> **Description of the task**:
A line below contains "b = f\<^sub>j\<close>", and a later one contains "Since \<open>\<mathfrak>n\<close> is". Repeat both, with every line between them, exactly.

> **Data for review**:
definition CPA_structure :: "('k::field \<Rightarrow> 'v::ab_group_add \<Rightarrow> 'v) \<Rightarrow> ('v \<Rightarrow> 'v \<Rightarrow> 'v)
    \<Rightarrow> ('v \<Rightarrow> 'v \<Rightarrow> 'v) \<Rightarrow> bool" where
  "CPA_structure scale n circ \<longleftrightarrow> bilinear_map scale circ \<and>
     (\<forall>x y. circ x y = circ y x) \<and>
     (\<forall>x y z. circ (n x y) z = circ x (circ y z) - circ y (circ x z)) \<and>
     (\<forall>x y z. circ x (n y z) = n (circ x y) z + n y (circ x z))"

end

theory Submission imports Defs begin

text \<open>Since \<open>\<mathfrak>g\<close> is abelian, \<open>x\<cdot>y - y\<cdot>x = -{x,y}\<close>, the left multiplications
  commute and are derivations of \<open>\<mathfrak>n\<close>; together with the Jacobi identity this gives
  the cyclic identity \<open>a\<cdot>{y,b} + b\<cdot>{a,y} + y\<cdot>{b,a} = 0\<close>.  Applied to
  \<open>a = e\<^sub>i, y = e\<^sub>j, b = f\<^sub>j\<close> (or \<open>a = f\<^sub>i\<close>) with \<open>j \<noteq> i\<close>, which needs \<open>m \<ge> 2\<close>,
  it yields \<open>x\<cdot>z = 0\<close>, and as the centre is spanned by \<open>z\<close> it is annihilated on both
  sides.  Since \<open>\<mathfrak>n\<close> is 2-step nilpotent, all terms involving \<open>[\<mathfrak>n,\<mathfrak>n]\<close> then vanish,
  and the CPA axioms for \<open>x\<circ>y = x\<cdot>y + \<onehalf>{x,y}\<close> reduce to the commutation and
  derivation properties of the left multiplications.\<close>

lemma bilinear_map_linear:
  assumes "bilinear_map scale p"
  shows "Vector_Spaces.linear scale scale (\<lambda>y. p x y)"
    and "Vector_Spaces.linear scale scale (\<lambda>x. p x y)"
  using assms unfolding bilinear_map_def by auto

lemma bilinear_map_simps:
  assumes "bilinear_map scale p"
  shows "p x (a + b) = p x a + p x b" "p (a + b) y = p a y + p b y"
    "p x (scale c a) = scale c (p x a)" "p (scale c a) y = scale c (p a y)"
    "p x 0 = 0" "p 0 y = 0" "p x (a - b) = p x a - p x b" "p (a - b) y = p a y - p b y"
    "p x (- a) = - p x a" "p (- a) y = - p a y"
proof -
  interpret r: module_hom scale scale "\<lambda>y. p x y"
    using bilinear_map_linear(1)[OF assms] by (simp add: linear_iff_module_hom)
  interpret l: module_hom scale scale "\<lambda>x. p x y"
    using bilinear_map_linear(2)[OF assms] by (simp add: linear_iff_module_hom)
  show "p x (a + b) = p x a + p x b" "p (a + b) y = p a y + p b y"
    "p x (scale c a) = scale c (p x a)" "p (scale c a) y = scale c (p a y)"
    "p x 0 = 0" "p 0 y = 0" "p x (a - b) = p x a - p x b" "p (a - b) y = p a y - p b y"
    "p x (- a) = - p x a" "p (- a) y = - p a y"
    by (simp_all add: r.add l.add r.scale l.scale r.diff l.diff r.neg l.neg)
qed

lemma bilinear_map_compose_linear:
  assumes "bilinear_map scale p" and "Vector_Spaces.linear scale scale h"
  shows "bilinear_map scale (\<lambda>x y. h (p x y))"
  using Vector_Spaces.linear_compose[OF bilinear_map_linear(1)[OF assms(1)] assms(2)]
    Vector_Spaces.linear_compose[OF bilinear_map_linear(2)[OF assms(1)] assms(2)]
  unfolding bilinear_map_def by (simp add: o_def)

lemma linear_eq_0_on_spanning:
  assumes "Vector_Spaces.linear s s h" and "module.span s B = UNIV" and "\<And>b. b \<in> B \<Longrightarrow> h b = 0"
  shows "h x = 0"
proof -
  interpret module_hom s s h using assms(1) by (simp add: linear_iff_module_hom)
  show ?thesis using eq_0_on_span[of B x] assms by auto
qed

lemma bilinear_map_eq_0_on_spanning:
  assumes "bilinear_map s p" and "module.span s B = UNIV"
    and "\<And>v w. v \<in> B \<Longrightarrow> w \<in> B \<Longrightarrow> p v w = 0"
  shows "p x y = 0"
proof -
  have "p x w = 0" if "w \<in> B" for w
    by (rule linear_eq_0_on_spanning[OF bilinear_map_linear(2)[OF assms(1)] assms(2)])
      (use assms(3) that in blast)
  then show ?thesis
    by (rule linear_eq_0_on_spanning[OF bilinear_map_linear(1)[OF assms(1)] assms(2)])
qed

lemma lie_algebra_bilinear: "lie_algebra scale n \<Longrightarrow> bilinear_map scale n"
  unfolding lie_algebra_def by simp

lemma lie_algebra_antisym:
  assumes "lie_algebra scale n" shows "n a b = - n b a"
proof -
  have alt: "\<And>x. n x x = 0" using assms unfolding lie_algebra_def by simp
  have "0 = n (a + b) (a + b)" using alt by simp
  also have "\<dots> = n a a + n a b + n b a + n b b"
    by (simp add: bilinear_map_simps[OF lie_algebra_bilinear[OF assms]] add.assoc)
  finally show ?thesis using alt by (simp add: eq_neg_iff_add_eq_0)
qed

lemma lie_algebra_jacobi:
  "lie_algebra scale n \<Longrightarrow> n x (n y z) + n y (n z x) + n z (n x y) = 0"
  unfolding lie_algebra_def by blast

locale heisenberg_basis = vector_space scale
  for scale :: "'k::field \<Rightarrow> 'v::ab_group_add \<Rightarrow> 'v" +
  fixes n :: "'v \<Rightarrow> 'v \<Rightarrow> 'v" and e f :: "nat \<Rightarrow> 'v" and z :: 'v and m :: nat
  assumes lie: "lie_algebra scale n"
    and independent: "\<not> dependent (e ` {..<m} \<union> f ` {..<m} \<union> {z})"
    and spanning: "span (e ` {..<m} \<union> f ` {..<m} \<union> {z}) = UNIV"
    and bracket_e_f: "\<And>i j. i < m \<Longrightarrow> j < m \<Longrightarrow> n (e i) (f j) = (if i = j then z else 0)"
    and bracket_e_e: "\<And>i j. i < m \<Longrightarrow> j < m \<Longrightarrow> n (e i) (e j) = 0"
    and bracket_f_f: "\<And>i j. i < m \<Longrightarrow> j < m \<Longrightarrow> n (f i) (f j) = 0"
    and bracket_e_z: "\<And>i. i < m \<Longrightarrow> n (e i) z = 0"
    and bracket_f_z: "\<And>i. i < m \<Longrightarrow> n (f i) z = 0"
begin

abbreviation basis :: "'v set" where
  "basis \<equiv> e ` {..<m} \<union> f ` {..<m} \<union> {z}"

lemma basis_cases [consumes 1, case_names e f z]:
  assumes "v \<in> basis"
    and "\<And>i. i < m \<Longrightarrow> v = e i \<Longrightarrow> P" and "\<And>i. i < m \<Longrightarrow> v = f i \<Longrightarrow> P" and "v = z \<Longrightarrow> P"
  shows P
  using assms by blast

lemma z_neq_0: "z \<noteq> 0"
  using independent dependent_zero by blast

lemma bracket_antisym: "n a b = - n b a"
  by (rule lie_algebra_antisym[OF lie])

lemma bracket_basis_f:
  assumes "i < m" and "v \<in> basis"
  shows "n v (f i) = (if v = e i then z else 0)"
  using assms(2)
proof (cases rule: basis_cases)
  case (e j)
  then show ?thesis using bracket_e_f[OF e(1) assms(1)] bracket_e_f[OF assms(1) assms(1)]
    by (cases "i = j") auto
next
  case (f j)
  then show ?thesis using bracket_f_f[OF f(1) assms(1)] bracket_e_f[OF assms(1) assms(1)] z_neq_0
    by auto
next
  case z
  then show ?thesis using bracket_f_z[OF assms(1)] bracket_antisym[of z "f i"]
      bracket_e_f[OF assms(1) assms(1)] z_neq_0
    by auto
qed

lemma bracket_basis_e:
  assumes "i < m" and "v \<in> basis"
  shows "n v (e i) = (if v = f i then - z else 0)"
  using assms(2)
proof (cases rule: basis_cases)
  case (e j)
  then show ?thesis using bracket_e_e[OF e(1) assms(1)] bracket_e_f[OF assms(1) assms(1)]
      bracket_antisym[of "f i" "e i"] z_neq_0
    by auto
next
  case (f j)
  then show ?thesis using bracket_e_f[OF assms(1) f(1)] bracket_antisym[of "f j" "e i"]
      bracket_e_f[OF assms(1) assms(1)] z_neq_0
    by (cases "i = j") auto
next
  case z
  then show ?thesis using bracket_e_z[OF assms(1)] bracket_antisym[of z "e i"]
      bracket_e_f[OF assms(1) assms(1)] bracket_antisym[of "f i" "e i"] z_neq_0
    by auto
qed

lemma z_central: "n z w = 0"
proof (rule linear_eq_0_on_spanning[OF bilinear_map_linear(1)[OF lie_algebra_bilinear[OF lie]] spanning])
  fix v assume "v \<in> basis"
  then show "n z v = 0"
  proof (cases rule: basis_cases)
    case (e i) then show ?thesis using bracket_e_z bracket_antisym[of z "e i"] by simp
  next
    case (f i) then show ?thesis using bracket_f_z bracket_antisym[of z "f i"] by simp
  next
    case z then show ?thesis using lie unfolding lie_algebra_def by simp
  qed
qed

> **Worked solution**:
  \<open>a = e\<^sub>i, y = e\<^sub>j, b = f\<^sub>j\<close> (or \<open>a = f\<^sub>i\<close>) with \<open>j \<noteq> i\<close>, which needs \<open>m \<ge> 2\<close>,
  it yields \<open>x\<cdot>z = 0\<close>, and as the centre is spanned by \<open>z\<close> it is annihilated on both
  sides.  Since \<open>\<mathfrak>n\<close> is 2-step nilpotent, all terms involving \<open>[\<mathfrak>n,\<mathfrak>n]\<close> then vanish,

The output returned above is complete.